The images from fire safety films are painfully familiar.
They usually feature someone smoking on the sofa - perhaps watching television - only to nod off while the cigarette is still alight. Soon, it drops out of the hand, eventually setting fire to the furniture.
From 17 November, a new EU directive will require cigarettes to meet a reduced ignition propensity (RIP) requirement. They will be manufactured to be self-extinguishable, to reduce the chance that they should set fire to sofas, beds and other combustible materials.
In England, of the 212 people that died in house fires last year, 81 were the result of cigarettes, cigars and pipes, says the Department of Communities and Local Government.
The DCLG estimates the new types of cigarettes could save up to 64 lives each year in England.
Some RIP cigarettes use paper that is rolled differently to normal cigarettes. Narrow bands of paper are applied on top of traditional cigarette paper at various intervals during the paper-making process.
The idea is that these act like "speed bumps". When the cigarette burns down to one of these rings, in the absence of fairly steady puffing, there is a greater chance that the cigarette will go out than with traditional versions.
Safety campaigners stress that there is no such thing as a truly "fire-safe" cigarette but that something that potentially improves public safety can only be a good thing.
New York became the first US state to adopt reduced ignition propensity cigarettes in 2004. In 2009, the state reported an estimated 33% reduction in fatalities due to materials catching fire because of cigarettes.
Other states have followed New York's lead. Today RIPs are available across the US, Canada and Australia.
But it has been a long journey for what appears to be a simple invention.
According to reports, the first North American patent for a self-extinguishing cigarette was registered as early as 1854. Many other patents have been registered since, but early versions usually involved the addition of fire retardants.
The original concept for the types of "fire safer" cigarettes that focus on the paper date back to the early 1900s, according to fire safety scientist Richard Gann.
But it has taken decades for the tobacco industry to get behind it.
"The 'fire safer' cigarette is the latest of a huge number of simple but clever inventions that really can save lives," says Jack Challoner, science writer and author of several books on the history of invention.

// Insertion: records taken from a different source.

(* Let $d\ge 3$ be an integer, $p\in(0,1]$ with $dp\ge\log^5 d$, and $\delta\in(0,1)$ with $\delta^2dp\ge 12\log^4 d$. For the pruning process on $Q^d_p$ defined in the context, for every $v\in V(Q^d)$ and every $t\in[2,\tau]\cap\mathbb{N}$, \[\mathbb{P}[v\in A_t]\le\exp\left\{-\left(\frac{\delta dp}{2t\log d}\right)^{t-1}\right\}.\]
   Context: $Q^d$ is the $d$-dimensional hypercube (vertex set $\{0,1\}^d$, adjacency = Hamming distance one), and $Q^d_p$ is obtained by retaining each edge of $Q^d$ independently with probability $p$. For a graph $F$ and $S\subseteq V(F)$, $F[S]$ is the induced subgraph. Pruning process: let $\tau=\lfloor\log d\rfloor$ (natural log) and $\delta_t=\frac{t\delta}{\lfloor\log d\rfloor}$ for $t\in\mathbb{N}$. Let $H_1=Q^d_p$ and $A_1=\{v\in V(Q^d): d_{H_1}(v)\notin[(1-\delta_1)dp,(1+\delta_1)dp]\}$. For $t=2,\dots,\tau$, let $H_t=Q^d_p\left[V(Q^d)\setminus\bigcup_{i=1}^{t-1}A_i\right]$ and $A_t=\{v\in V(H_t): d_{H_t}(v)<(1-\delta_t)dp\}$. Finally $H=H_\tau$ and $A=\bigcup_{t=1}^\tau A_t$. *)

theory Defs
  imports "HOL-Probability.Probability"
begin

text \<open>Vertices of Q^d: subsets of {0..<d} (identified with 0/1-vectors via indicator).\<close>
definition cube_V :: "nat \<Rightarrow> nat set set" where
  "cube_V d = Pow {..<d}"

definition cube_adj :: "nat set \<Rightarrow> nat set \<Rightarrow> bool" where
  "cube_adj u v \<longleftrightarrow> card ((u - v) \<union> (v - u)) = 1"

definition cube_E :: "nat \<Rightarrow> nat set set set" where
  "cube_E d = {{u, v} | u v. u \<in> cube_V d \<and> v \<in> cube_V d \<and> cube_adj u v}"

text \<open>Q^d_p: each edge retained independently with probability p; an outcome
  is the indicator function of the retained edges.\<close>
definition Qdp :: "nat \<Rightarrow> real \<Rightarrow> (nat set set \<Rightarrow> bool) pmf" where
  "Qdp d p = Pi_pmf (cube_E d) False (\<lambda>_. bernoulli_pmf p)"

definition deg_in :: "nat \<Rightarrow> (nat set set \<Rightarrow> bool) \<Rightarrow> nat set set \<Rightarrow> nat set \<Rightarrow> nat" where
  "deg_in d \<omega> S v = card {u \<in> S \<inter> cube_V d. cube_adj u v \<and> \<omega> {u, v}}"

definition delta_t :: "nat \<Rightarrow> real \<Rightarrow> nat \<Rightarrow> real" where
  "delta_t d \<delta> t = real t * \<delta> / real_of_int \<lfloor>ln (real d)\<rfloor>"

text \<open>prune_step d p \<delta> \<omega> k R is the set A_{k+1}, given R = A_1 \<union> ... \<union> A_k.\<close>
definition prune_step :: "nat \<Rightarrow> real \<Rightarrow> real \<Rightarrow> (nat set set \<Rightarrow> bool) \<Rightarrow> nat \<Rightarrow> nat set set \<Rightarrow> nat set set" where
  "prune_step d p \<delta> \<omega> k R =
     (if k = 0 then
        {v \<in> cube_V d. real (deg_in d \<omega> (cube_V d) v) \<notin>
             {(1 - delta_t d \<delta> 1) * real d * p .. (1 + delta_t d \<delta> 1) * real d * p}}
      else
        {v \<in> cube_V d - R. real (deg_in d \<omega> (cube_V d - R) v) <
             (1 - delta_t d \<delta> (Suc k)) * real d * p})"

text \<open>prune_removed k = A_1 \<union> ... \<union> A_k.\<close>
primrec prune_removed :: "nat \<Rightarrow> real \<Rightarrow> real \<Rightarrow> (nat set set \<Rightarrow> bool) \<Rightarrow> nat \<Rightarrow> nat set set" where
  "prune_removed d p \<delta> \<omega> 0 = {}"
| "prune_removed d p \<delta> \<omega> (Suc k) =
     prune_removed d p \<delta> \<omega> k \<union> prune_step d p \<delta> \<omega> k (prune_removed d p \<delta> \<omega> k)"

text \<open>A_t for t \<ge> 1.\<close>
definition prune_A :: "nat \<Rightarrow> real \<Rightarrow> real \<Rightarrow> (nat set set \<Rightarrow> bool) \<Rightarrow> nat \<Rightarrow> nat set set" where
  "prune_A d p \<delta> \<omega> t = prune_step d p \<delta> \<omega> (t - 1) (prune_removed d p \<delta> \<omega> (t - 1))"

end

theory Submission
  imports Defs
begin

"Simple ideas really can save lives - and the best ones can quickly become taken for granted. Without cat's eyes, for example, driving at night would be far more hazardous - but how often do we take notice of them?" says Challoner.
"No one likes it when smoke detectors go off when you are burning toast or when we have to change the batteries - but we are in awe of simple inventions like this when they save lives. And they do."